CREATE TABLE `car` (

    `id` int(10) UNSIGNED NOT NULL AUTO_INCREMENT,

    `name` varchar(255) NOT NULL,

    `type` varchar(100) NOT NULL,

    PRIMARY KEY (`id`)

);




class Car extends CActiveRecord {

    static function model($className=__CLASS__) {

        return parent::model($className);

    }

 

    function tableName() {

        return 'car';

    }

 

    protected function instantiate($attributes){

        switch($attributes['type']){

            case 'sport':

                $class='SportCar';

            break;

            case 'family':

                $class='FamilyCar';

            break;

            default:

                $class=get_class($this);

        }

        $model=new $class(null);

        return $model;

    }

}






class SportCar extends Car {

    static function model($className=__CLASS__) {

        return parent::model($className);

    }

 

    function defaultScope(){

        return array(

            'condition'=>"type='sport'",

        );

    }

}

 

class FamilyCar extends Car {

    static function model($className=__CLASS__) {

        return parent::model($className);

    }

 

    function defaultScope(){

        return array(

            'condition'=>"type='family'",

        );

    }

}



Now using Car you’ll get both SportCar and FamilyCar.

Good example steffen, that work so nice!

But I think that inheritance classes it’s what I need.

So, I can create main model of Users that have the other two models. Nice tip samdark.

I’ll try and post the final result.

Thanks again!

samdark, your post comes right in time for me. I just was thinking about how to work with inheritance between AR classes and like your approach very much. Thanks for sharing!

Sorry, for taking over this thread a little, but it’s probably related:

Any suggestion how to work with different sets of attributes for the different sub types?

For example, take the following attributes:

Shared by all car types: name, power, max_speed, …

Family cars: number_of_seats, …

Sport cars: power_to_wind_ratio, …

I thought about hardcoding the additional attributes in the type classes and store their values in another table car_attributes like this:




id (INT) - id of attribute

car_id (INT) - id of car (parent)

name (VARCHAR) - name of attribute ('number_of_seats', 'power_to_wind_ratio')

datatype (TINYINT) - id of datatype (1=string, 2=int, 3=float, ...)

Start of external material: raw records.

lemma indep_disc_block_next:
  fixes X :: "nat \<Rightarrow> 'a \<Rightarrow> 'x::countable"
  assumes indep: "indep_vars (\<lambda>_. count_space UNIV) X {1..k}" and "n < k"
  shows "indep_disc M (\<lambda>w. map (\<lambda>i. X i w) [1..<n+1]) (X (Suc n))"
proof -
  define block where "block w = map (\<lambda>i. X i w) [1..<n+1]" for w
  \<comment> \<open>indep_var needs both variables to have the same type, hence the singleton list.\<close>
  let ?block = "\<lambda>z :: nat \<Rightarrow> 'x. map z [1..<n+1]" and ?next = "\<lambda>z :: nat \<Rightarrow> 'x. [z (Suc n)]"
  have "indep_var (PiM {1..n} (\<lambda>_. count_space UNIV)) (\<lambda>w. restrict (\<lambda>i. X i w) {1..n})
      (PiM {Suc n} (\<lambda>_. count_space UNIV)) (\<lambda>w. restrict (\<lambda>i. X i w) {Suc n})"
    using \<open>n < k\<close> by (intro indep_var_restrict[OF indep]) auto
  moreover have "?block \<in> measurable (PiM {1..n} (\<lambda>_. count_space UNIV)) (count_space UNIV)"
    by (rule measurable_map_list, rule measurable_component_singleton) auto
  moreover have "?next \<in> measurable (PiM {Suc n} (\<lambda>_. count_space UNIV)) (count_space UNIV)"
    using measurable_map_list[of "[Suc n]" "\<lambda>i z. z i"] by (simp add: measurable_component_singleton)
  ultimately have "indep_var (count_space UNIV) (?block \<circ> (\<lambda>w. restrict (\<lambda>i. X i w) {1..n}))
      (count_space UNIV) (?next \<circ> (\<lambda>w. restrict (\<lambda>i. X i w) {Suc n}))"
    by (rule indep_var_compose)
  moreover have "?block \<circ> (\<lambda>w. restrict (\<lambda>i. X i w) {1..n}) = block"
    "?next \<circ> (\<lambda>w. restrict (\<lambda>i. X i w) {Suc n}) = (\<lambda>w. [X (Suc n) w])"
    by (auto simp: fun_eq_iff block_def)
  ultimately have block_indep: "indep_var (count_space UNIV) block (count_space UNIV) (\<lambda>w. [X (Suc n) w])"
    by simp
  have "prob {w \<in> space M. block w = xs \<and> X (Suc n) w = x}
    = prob {w \<in> space M. block w = xs} * prob {w \<in> space M. X (Suc n) w = x}" for xs x
  proof -
    have "{w \<in> space M. block w = xs \<and> X (Suc n) w = x}
        = (\<lambda>w. (block w, [X (Suc n) w])) -` ({xs} \<times> {[x]}) \<inter> space M"
      "{w \<in> space M. block w = xs} = block -` {xs} \<inter> space M"
      "{w \<in> space M. X (Suc n) w = x} = (\<lambda>w. [X (Suc n) w]) -` {[x]} \<inter> space M"
      by auto
    then show ?thesis
      using indep_varD[OF block_indep, of "{xs}" "{[x]}"] by simp
  qed
  then show ?thesis
    unfolding indep_disc_def block_def by blast
qed

lemma ent_iid_block:
  fixes X :: "nat \<Rightarrow> 'a \<Rightarrow> 'x::finite"
  assumes meas: "\<And>i. i \<in> {1..k} \<Longrightarrow> X i \<in> measurable M (count_space UNIV)"
    and ident: "\<And>i. i \<in> {1..k} \<Longrightarrow> distr M (count_space UNIV) (X i) = distr M (count_space UNIV) (X 1)"
    and indep: "indep_vars (\<lambda>_. count_space UNIV) X {1..k}"
    and "n \<le> k"
  shows "ent M (\<lambda>w. map (\<lambda>i. X i w) [1..<n+1]) = real n * ent M (X 1)"
  using \<open>n \<le> k\<close>
proof (induction n)
  case 0
  then show ?case
    by (simp add: ent_const)
next
  case (Suc n)
  have X_next: "simple_function M (X (Suc n))" and X_1: "simple_function M (X 1)"
    using Suc.prems meas by (auto intro: simple_function_finite_type)
  have block: "simple_function M (\<lambda>w. map (\<lambda>i. X i w) [1..<n+1])"
    using Suc.prems meas by (intro simple_function_map_list) auto
  have "ent M (\<lambda>w. map (\<lambda>i. X i w) [1..<Suc n+1]) = ent M (\<lambda>w. (map (\<lambda>i. X i w) [1..<n+1], X (Suc n) w))"
    by (rule ent_relabel[where g = "\<lambda>(xs, x). xs @ [x]" and h = "\<lambda>xs. (butlast xs, last xs)"])
      (use block X_next in auto)
  also have "\<dots> = ent M (\<lambda>w. map (\<lambda>i. X i w) [1..<n+1]) + ent M (X (Suc n))"
    using Suc.prems by (intro ent_pair_indep block X_next indep_disc_block_next[OF indep]) simp
  also have "ent M (X (Suc n)) = ent M (X 1)"
    using Suc.prems by (intro ent_eq_if_distr_eq X_next X_1 ident) simp
  finally show ?case
    using Suc by (simp add: algebra_simps)
qed

end

section \<open>Stationary generators\<close>

lemma length_ywin [simp]: "length (ywin Y a n w) = n"
  by (simp add: ywin_def)

lemma ywin_add: "ywin Y a (m + n) w = ywin Y a m w @ ywin Y (a + int m) n w"
  by (induction n) (simp_all add: ywin_def algebra_simps)

lemma ywin_Suc: "ywin Y a (Suc n) w = ywin Y a n w @ [Y (a + int n) w]"
  using ywin_add[of Y a n 1 w] by (simp add: ywin_def)

lemma ywin_Suc_left: "ywin Y a (Suc n) w = Y a w # ywin Y (a + 1) n w"
  using ywin_add[of Y a 1 n w] by (simp add: ywin_def)

locale stationary_generator = prob_space M for M :: "'w measure" +
  fixes Y :: "int \<Rightarrow> 'w \<Rightarrow> 'y::finite" and R :: "int \<Rightarrow> 'w \<Rightarrow> 'r::finite"
  assumes measurable_Y: "\<And>t. Y t \<in> measurable M (count_space UNIV)"
    and measurable_R: "\<And>t. R t \<in> measurable M (count_space UNIV)"
    and stationary: "jointly_stationary M Y R"
    and generator: "generator_cond M Y R"
begin

lemma simple_Y: "simple_function M (Y t)"
  by (rule simple_function_finite_type[OF measurable_Y])

lemma simple_R: "simple_function M (R t)"
  by (rule simple_function_finite_type[OF measurable_R])

lemma simple_ywin: "simple_function M (ywin Y a n)"
  unfolding ywin_def[abs_def] by (rule simple_function_map_list[OF measurable_Y])

abbreviation path_space :: "(int \<Rightarrow> 'y \<times> 'r) measure" where
  "path_space \<equiv> PiM UNIV (\<lambda>_. count_space UNIV)"

definition shifted_path :: "nat \<Rightarrow> 'w \<Rightarrow> int \<Rightarrow> 'y \<times> 'r" where
  "shifted_path n w t = (Y (t + int n) w, R (t + int n) w)"

lemma measurable_shifted_path: "shifted_path n \<in> measurable M path_space"
  unfolding shifted_path_def[abs_def]
  by (intro measurable_PiM_single' measurable_pair_count_space measurable_Y measurable_R) auto

lemma measurable_shift: "(\<lambda>z t. z (t + 1)) \<in> measurable path_space path_space"
  by (intro measurable_PiM_single') (auto simp: space_PiM)

lemma distr_shifted_path: "distr M path_space (shifted_path n) = distr M path_space (shifted_path 0)"
proof (induction n)
  case (Suc n)
  have shift: "shifted_path (Suc m) = (\<lambda>z t. z (t + 1)) \<circ> shifted_path m" for m
    by (auto simp: shifted_path_def fun_eq_iff algebra_simps)
  have "distr M path_space (shifted_path (Suc n))
      = distr (distr M path_space (shifted_path n)) path_space (\<lambda>z t. z (t + 1))"
    unfolding shift by (rule distr_distr[OF measurable_shift measurable_shifted_path, symmetric])
  also have "\<dots> = distr M path_space (shifted_path 1)"
    using distr_distr[OF measurable_shift measurable_shifted_path, of 0] shift[of 0] by (simp add: Suc)
  also have "\<dots> = distr M path_space (shifted_path 0)"
    using stationary unfolding jointly_stationary_def shifted_path_def[abs_def] by simp
  finally show ?case .
qed simp

lemma ent_shifted_path:
  assumes F: "F \<in> measurable path_space (count_space UNIV)"
    and simple: "\<And>n. simple_function M (\<lambda>w. F (shifted_path n w))"
  shows "ent M (\<lambda>w. F (shifted_path n w)) = ent M (\<lambda>w. F (shifted_path 0 w))"
proof (rule ent_eq_if_distr_eq[OF simple simple])
  have "distr M (count_space UNIV) (\<lambda>w. F (shifted_path m w))
      = distr (distr M path_space (shifted_path m)) (count_space UNIV) F" for m
    using distr_distr[OF F measurable_shifted_path] by (simp add: comp_def)
  then show "distr M (count_space UNIV) (\<lambda>w. F (shifted_path n w))
    = distr M (count_space UNIV) (\<lambda>w. F (shifted_path 0 w))"
    by (simp only: distr_shifted_path[of n])
qed

lemma measurable_path_Y: "(\<lambda>z. fst (z t)) \<in> measurable path_space (count_space UNIV)"
  using measurable_compose[OF measurable_component_singleton[of t UNIV "\<lambda>_. count_space UNIV"]
      measurable_count_space[of fst]]
  by simp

value_string (VARCHAR) - value for datatype string

value_int (INT) - value for datatype int

value_float (DECIMAL) - value for datatype decimal



Each dynamic attribute value would be represented by a row in this table. The column ‘datatype’ stores the type of data and there’s one data column for every possible datatype (value_string, value_int, value_float, etc). Using a HAS_MANY relation in Cars with the ‘index’ feature would allow easy access to the attribute records:




'dynamics'=>array(self::HAS_MANY, 'CarAttributes', 'car_id','index'=>'name'),






$familycar=FamilyCar::model()->with('dynamics')->findByPk($sportcar_id);

// safety checks like isset(...) left out for clarity...

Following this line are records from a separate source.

lemma integral_mult_fun_hits:
  assumes fin: "finite J1" "finite J2" and J: "J1 \<subseteq> {1..}" "J2 \<subseteq> {1..}"
  shows "(\<integral>\<omega>. h1 (hits J1 \<omega>) * h2 (hits J2 \<omega>) \<partial>M)
    = (\<Sum>r\<le>card J1. \<Sum>s\<le>card J2. increment h1 r * increment h2 s
        * prob ({\<omega>\<in>space M. r \<le> hits J1 \<omega>} \<inter> {\<omega>\<in>space M. s \<le> hits J2 \<omega>}))"
proof -
  let ?A = "\<lambda>r. {\<omega>\<in>space M. r \<le> hits J1 \<omega>}" and ?B = "\<lambda>s. {\<omega>\<in>space M. s \<le> hits J2 \<omega>}"
  let ?c = "\<lambda>r s. increment h1 r * increment h2 s"
  have events: "?A r \<inter> ?B s \<in> events" for r s
    using hits_ge_in_events fin J by blast
  have "(\<integral>\<omega>. h1 (hits J1 \<omega>) * h2 (hits J2 \<omega>) \<partial>M)
      = (\<integral>\<omega>. (\<Sum>r\<le>card J1. \<Sum>s\<le>card J2. ?c r s * indicator (?A r \<inter> ?B s) \<omega>) \<partial>M)"
  proof (rule Bochner_Integration.integral_cong[OF refl])
    fix \<omega> assume \<omega>: "\<omega> \<in> space M"
    have "h1 (hits J1 \<omega>) * h2 (hits J2 \<omega>)
        = (\<Sum>r\<le>card J1. increment h1 r * of_bool (r \<le> hits J1 \<omega>))
          * (\<Sum>s\<le>card J2. increment h2 s * of_bool (s \<le> hits J2 \<omega>))"
      using layer_cake_nat[OF hits_le_card[OF fin(1)], where h=h1]
        layer_cake_nat[OF hits_le_card[OF fin(2)], where h=h2] by simp
    also have "\<dots> = (\<Sum>r\<le>card J1. \<Sum>s\<le>card J2. ?c r s * indicator (?A r \<inter> ?B s) \<omega>)"
      unfolding sum_product using \<omega> by (intro sum.cong refl) (simp add: indicator_def)
    finally show "h1 (hits J1 \<omega>) * h2 (hits J2 \<omega>)
        = (\<Sum>r\<le>card J1. \<Sum>s\<le>card J2. ?c r s * indicator (?A r \<inter> ?B s) \<omega>)" .
  qed
  also have "\<dots> = (\<Sum>r\<le>card J1. \<Sum>s\<le>card J2. ?c r s * prob (?A r \<inter> ?B s))"
    using events
    by (subst Bochner_Integration.integral_sum)
       (auto intro!: sum.cong integral_sum_indicator Bochner_Integration.integrable_sum integrable_mult_right
        simp: emeasure_finite less_top[symmetric] simp del: sum_mult_indicator)
  finally show ?thesis .
qed

lemma integral_mult_hits_le_mixing:
  assumes fin: "finite J1" "finite J2" and a: "1 \<le> a" and J1: "J1 \<subseteq> {1..a}" and J2: "J2 \<subseteq> {a+g..}"
    and h1: "mono h1" "0 \<le> h1 0" and h2: "mono h2" "0 \<le> h2 0"
  shows "(\<integral>\<omega>. h1 (hits J1 \<omega>) * h2 (hits J2 \<omega>) \<partial>M)
    \<le> (\<integral>\<omega>. h1 (hits J1 \<omega>) \<partial>M) * ((\<integral>\<omega>. h2 (hits J2 \<omega>) \<partial>M) + \<phi> g * h2 (card J2))"
proof -
  let ?A = "\<lambda>r. {\<omega>\<in>space M. r \<le> hits J1 \<omega>}" and ?B = "\<lambda>s. {\<omega>\<in>space M. s \<le> hits J2 \<omega>}"
  let ?c = "\<lambda>r s. increment h1 r * increment h2 s"
  have J1': "J1 \<subseteq> {1..}" and J2': "J2 \<subseteq> {1..}" using J1 J2 a by auto
  have "(\<integral>\<omega>. h1 (hits J1 \<omega>) * h2 (hits J2 \<omega>) \<partial>M)
      = (\<Sum>r\<le>card J1. \<Sum>s\<le>card J2. ?c r s * prob (?A r \<inter> ?B s))"
    by (rule integral_mult_fun_hits[OF fin J1' J2'])
  also have "\<dots> \<le> (\<Sum>r\<le>card J1. \<Sum>s\<le>card J2. ?c r s * (prob (?A r) * (prob (?B s) + \<phi> g)))"
  proof (intro sum_mono mult_left_mono)
    fix r s
    show "prob (?A r \<inter> ?B s) \<le> prob (?A r) * (prob (?B s) + \<phi> g)"
      using fin J1 J2 a by (intro prob_Int_le_mixing hits_ge_in_gen_sigma) auto
    show "0 \<le> ?c r s" using increment_nonneg h1 h2 by simp
  qed
  also have "\<dots> = (\<Sum>r\<le>card J1. increment h1 r * prob (?A r))
      * (\<Sum>s\<le>card J2. increment h2 s * (prob (?B s) + \<phi> g))"
    unfolding sum_product by (intro sum.cong refl) (simp add: mult_ac)
  also have "\<dots> = (\<Sum>r\<le>card J1. increment h1 r * prob (?A r))
      * ((\<Sum>s\<le>card J2. increment h2 s * prob (?B s)) + \<phi> g * (\<Sum>s\<le>card J2. increment h2 s))"
    by (simp add: distrib_left sum.distrib sum_distrib_right[symmetric] mult_ac)
  also have "\<dots> = (\<integral>\<omega>. h1 (hits J1 \<omega>) \<partial>M) * ((\<integral>\<omega>. h2 (hits J2 \<omega>) \<partial>M) + \<phi> g * h2 (card J2))"
    by (simp only: integral_fun_hits[OF fin(1) J1'] integral_fun_hits[OF fin(2) J2'] sum_increment)
  finally show ?thesis .
qed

$seatNumber=$familycar->dynamics['number_of_seats']->value_int;



But as you see this makes it more complicated to access the value of such a dynamic attribute. And the "one-column-per-type" approach is not very ressource friendly. Not to mention that there are more types than i gave in the example.

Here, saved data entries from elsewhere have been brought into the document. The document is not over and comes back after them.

definition dominating_set :: "'a set \<Rightarrow> ('a \<Rightarrow> 'a \<Rightarrow> bool) \<Rightarrow> 'a set \<Rightarrow> bool" where
  "dominating_set V E D \<longleftrightarrow> D \<subseteq> V \<and> (\<forall>v\<in>V. v \<in> D \<or> (\<exists>u\<in>D. E u v))"

definition domination_number :: "'a set \<Rightarrow> ('a \<Rightarrow> 'a \<Rightarrow> bool) \<Rightarrow> nat" where
  "domination_number V E = (LEAST k. \<exists>D. dominating_set V E D \<and> card D = k)"

definition min_dominating_set :: "'a set \<Rightarrow> ('a \<Rightarrow> 'a \<Rightarrow> bool) \<Rightarrow> 'a set \<Rightarrow> bool" where
  "min_dominating_set V E D \<longleftrightarrow> dominating_set V E D \<and> card D = domination_number V E"

definition core :: "'a set \<Rightarrow> ('a \<Rightarrow> 'a \<Rightarrow> bool) \<Rightarrow> 'a set" where
  "core V E = {v \<in> V. \<forall>D. min_dominating_set V E D \<longrightarrow> v \<in> D}"

definition del_vertex_V :: "'a set \<Rightarrow> 'a \<Rightarrow> 'a set" where
  "del_vertex_V V w = V - {w}"

definition del_vertex_E :: "('a \<Rightarrow> 'a \<Rightarrow> bool) \<Rightarrow> 'a \<Rightarrow> 'a \<Rightarrow> 'a \<Rightarrow> bool" where
  "del_vertex_E E w = (\<lambda>u v. E u v \<and> u \<noteq> w \<and> v \<noteq> w)"

definition V_plus :: "'a set \<Rightarrow> ('a \<Rightarrow> 'a \<Rightarrow> bool) \<Rightarrow> 'a set" where
  "V_plus V E = {v \<in> V. domination_number (del_vertex_V V v) (del_vertex_E E v) > domination_number V E}"

end

theory Submission
  imports Defs
begin

text \<open>
  A connected cograph on at least two vertices has a disconnected complement (Seinsche): if
  G and its complement are both connected, deleting a vertex x keeps G connected, since
  otherwise a non-neighbour of x and a neighbour of x in another component of G - x yield an
  induced P4 through x; induction on the number of vertices, applied to G or to its complement,
  gives the claim. So G is the join of two nonempty vertex sets A and B. If G has a universal
  vertex u, then \<open>\<gamma>(G) = 1\<close> and the core lies in {u}; were \<open>\<gamma>(G - u) = 1\<close>, a universal
  vertex of G - u would be universal in G, and u would miss a minimum dominating set.
  Otherwise \<open>\<gamma>(G) = 2\<close>, and every vertex w is avoided by a minimum dominating set {a, b}
  with a a non-neighbour of w (on the side of w) and b on the other side, so the core is empty.
\<close>

definition graph_complement :: "'a set \<Rightarrow> ('a \<Rightarrow> 'a \<Rightarrow> bool) \<Rightarrow> 'a \<Rightarrow> 'a \<Rightarrow> bool" where
  "graph_complement V E u v \<longleftrightarrow> u \<in> V \<and> v \<in> V \<and> u \<noteq> v \<and> \<not> E u v"

definition universal_vertex :: "'a set \<Rightarrow> ('a \<Rightarrow> 'a \<Rightarrow> bool) \<Rightarrow> 'a \<Rightarrow> bool" where
  "universal_vertex V E u \<longleftrightarrow> u \<in> V \<and> (\<forall>v\<in>V. v \<noteq> u \<longrightarrow> E u v)"

lemma reachable_mem: "reachable V E u v \<Longrightarrow> u \<in> V \<and> v \<in> V"
  by (induction rule: reachable.induct) auto

lemma reachable_trans:
  assumes "reachable V E u v" "reachable V E v w"
  shows "reachable V E u w"
  using assms(2,1) by (induction rule: reachable.induct) (auto intro: reachable.step)

lemma reachable_edge: "u \<in> V \<Longrightarrow> E u w \<Longrightarrow> w \<in> V \<Longrightarrow> reachable V E u w"
  by (meson reachable.refl reachable.step)

lemma reachable_sym:
  assumes sym: "\<And>u v. E u v \<Longrightarrow> E v u" and "reachable V E u v"
  shows "reachable V E v u"
  using assms(2)
proof (induction rule: reachable.induct)
  case (refl v)
  then show ?case by (rule reachable.refl)
next
  case (step u v w)
  then have "reachable V E w v"
    using sym reachable_mem[OF step.hyps(1)] by (blast intro: reachable_edge)
  then show ?case using step.IH by (rule reachable_trans)
qed

lemma reachable_last_edge: "reachable V E u w \<Longrightarrow> u \<noteq> w \<Longrightarrow> \<exists>v\<in>V. E v w"
  by (erule reachable.cases) (auto dest: reachable_mem)

lemma reachable_crossing_edge:
  assumes "reachable V E y z" "\<not> P y" "P z"
  shows "\<exists>a b. reachable V E y a \<and> E a b \<and> b \<in> V \<and> \<not> P a \<and> P b"
  using assms
proof (induction rule: reachable.induct)
  case (refl v)
  then show ?case by blast
next
  case (step u v w)
  then show ?case by (cases "P v") auto
qed

lemma reachable_delete_vertex:
  assumes "reachable V E u w" "u \<noteq> x"
  shows "reachable (V - {x}) (del_vertex_E E x) u w \<or>
         (\<exists>z. E z x \<and> reachable (V - {x}) (del_vertex_E E x) u z)"
  using assms
proof (induction rule: reachable.induct)
  case (refl v)
  then show ?case by (auto intro: reachable.refl)
next
  case (step u v w)
  show ?case
  proof (cases "\<exists>z. E z x \<and> reachable (V - {x}) (del_vertex_E E x) u z")
    case False
    with step have uv: "reachable (V - {x}) (del_vertex_E E x) u v" by blast
    then have "v \<noteq> x" using reachable_mem by fastforce
    show ?thesis
    proof (cases "w = x")
      case True
      then show ?thesis using uv step by blast
    next
      case False
      then show ?thesis
        using uv step \<open>v \<noteq> x\<close> by (auto intro: reachable.step simp: del_vertex_E_def)
    qed
  qed blast
qed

Ideas? Alternative approaches?

When I faced a similar problem, I created different tables for sub types. But in this case you’ll need to join a main table with one of others depending on main.car_type value.

Your approach reminds me of EAV Model, which I didn’t use and don’t like it very much.

Anyway, the question is still interesting, but I think there is no perfect solution in Relational DBMS.

Hi I think I may have a similar question and wish to get further insight on steffans input

I refer to my post

Are you saying steffan that I should keep the data within there separate models…modify the relations and create a "View"( or Controller?) that merges the 2 data information together to be displayed?

Seems fitting for a 1 to 1 relationship but what about 1 to many?